▸ TASK DIRECTIONS: Look through the data that follows and say how many of its lines contain "list", giving the number only.

'''

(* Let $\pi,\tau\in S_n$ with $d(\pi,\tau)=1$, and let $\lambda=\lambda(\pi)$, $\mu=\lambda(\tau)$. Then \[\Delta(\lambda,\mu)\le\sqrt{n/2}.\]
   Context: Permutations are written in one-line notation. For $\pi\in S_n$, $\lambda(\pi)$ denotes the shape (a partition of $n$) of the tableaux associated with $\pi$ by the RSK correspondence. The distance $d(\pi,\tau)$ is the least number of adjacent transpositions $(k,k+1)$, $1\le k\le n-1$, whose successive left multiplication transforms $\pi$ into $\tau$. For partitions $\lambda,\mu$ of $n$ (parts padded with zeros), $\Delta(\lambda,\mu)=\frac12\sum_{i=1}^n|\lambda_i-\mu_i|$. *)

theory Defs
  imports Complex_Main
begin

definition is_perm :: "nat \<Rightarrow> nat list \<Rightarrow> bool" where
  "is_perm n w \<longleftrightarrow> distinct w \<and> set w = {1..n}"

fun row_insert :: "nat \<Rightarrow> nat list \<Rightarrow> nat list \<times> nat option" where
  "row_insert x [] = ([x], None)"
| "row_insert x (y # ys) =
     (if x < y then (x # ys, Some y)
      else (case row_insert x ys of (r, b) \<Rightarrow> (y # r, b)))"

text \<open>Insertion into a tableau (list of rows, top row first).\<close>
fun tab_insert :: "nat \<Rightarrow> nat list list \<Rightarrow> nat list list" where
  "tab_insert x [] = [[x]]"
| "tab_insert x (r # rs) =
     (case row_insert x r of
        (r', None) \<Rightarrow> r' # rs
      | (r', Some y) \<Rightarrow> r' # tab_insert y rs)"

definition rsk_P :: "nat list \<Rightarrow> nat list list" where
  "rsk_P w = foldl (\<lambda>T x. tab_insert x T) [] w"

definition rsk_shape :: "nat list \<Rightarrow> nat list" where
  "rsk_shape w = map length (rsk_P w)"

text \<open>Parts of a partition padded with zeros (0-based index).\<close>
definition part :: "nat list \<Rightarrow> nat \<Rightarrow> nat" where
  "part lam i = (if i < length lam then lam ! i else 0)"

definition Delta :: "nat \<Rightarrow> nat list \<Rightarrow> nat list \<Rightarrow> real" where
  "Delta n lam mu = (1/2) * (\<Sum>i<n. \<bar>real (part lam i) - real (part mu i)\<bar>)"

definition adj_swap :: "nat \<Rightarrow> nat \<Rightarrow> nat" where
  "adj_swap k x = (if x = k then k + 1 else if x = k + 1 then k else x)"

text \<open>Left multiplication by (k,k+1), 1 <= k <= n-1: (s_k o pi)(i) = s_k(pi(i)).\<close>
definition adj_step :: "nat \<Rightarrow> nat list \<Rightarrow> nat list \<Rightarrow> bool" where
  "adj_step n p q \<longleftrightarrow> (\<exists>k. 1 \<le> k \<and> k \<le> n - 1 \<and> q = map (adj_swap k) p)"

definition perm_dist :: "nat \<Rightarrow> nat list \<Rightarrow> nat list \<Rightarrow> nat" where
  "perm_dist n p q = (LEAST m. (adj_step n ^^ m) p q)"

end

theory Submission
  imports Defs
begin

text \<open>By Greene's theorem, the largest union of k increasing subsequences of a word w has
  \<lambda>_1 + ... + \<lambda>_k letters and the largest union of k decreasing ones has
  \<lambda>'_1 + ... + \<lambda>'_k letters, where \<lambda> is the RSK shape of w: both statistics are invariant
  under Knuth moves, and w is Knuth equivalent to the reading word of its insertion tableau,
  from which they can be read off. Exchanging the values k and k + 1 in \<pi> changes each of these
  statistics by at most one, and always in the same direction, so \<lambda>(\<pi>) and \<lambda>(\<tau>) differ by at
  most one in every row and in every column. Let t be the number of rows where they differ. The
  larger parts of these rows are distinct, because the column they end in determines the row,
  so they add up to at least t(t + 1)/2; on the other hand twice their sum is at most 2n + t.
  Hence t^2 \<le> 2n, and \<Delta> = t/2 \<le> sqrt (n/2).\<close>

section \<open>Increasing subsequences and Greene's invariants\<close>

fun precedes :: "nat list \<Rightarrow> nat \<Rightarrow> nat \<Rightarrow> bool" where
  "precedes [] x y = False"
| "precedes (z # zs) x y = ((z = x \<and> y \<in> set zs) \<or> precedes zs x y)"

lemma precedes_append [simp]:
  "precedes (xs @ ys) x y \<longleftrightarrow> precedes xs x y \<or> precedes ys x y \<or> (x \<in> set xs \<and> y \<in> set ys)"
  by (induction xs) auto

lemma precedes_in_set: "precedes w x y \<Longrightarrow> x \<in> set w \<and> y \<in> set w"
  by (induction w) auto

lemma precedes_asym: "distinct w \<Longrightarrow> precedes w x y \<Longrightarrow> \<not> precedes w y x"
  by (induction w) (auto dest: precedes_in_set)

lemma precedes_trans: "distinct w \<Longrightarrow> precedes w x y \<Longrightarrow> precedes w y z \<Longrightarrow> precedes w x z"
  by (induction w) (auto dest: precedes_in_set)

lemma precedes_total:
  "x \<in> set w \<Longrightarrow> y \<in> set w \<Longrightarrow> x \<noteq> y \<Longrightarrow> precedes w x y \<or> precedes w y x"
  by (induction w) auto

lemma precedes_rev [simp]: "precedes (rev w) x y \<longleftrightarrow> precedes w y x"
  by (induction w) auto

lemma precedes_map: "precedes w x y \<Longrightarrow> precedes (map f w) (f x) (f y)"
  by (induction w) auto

'''

▸ WRITTEN ANSWER: 11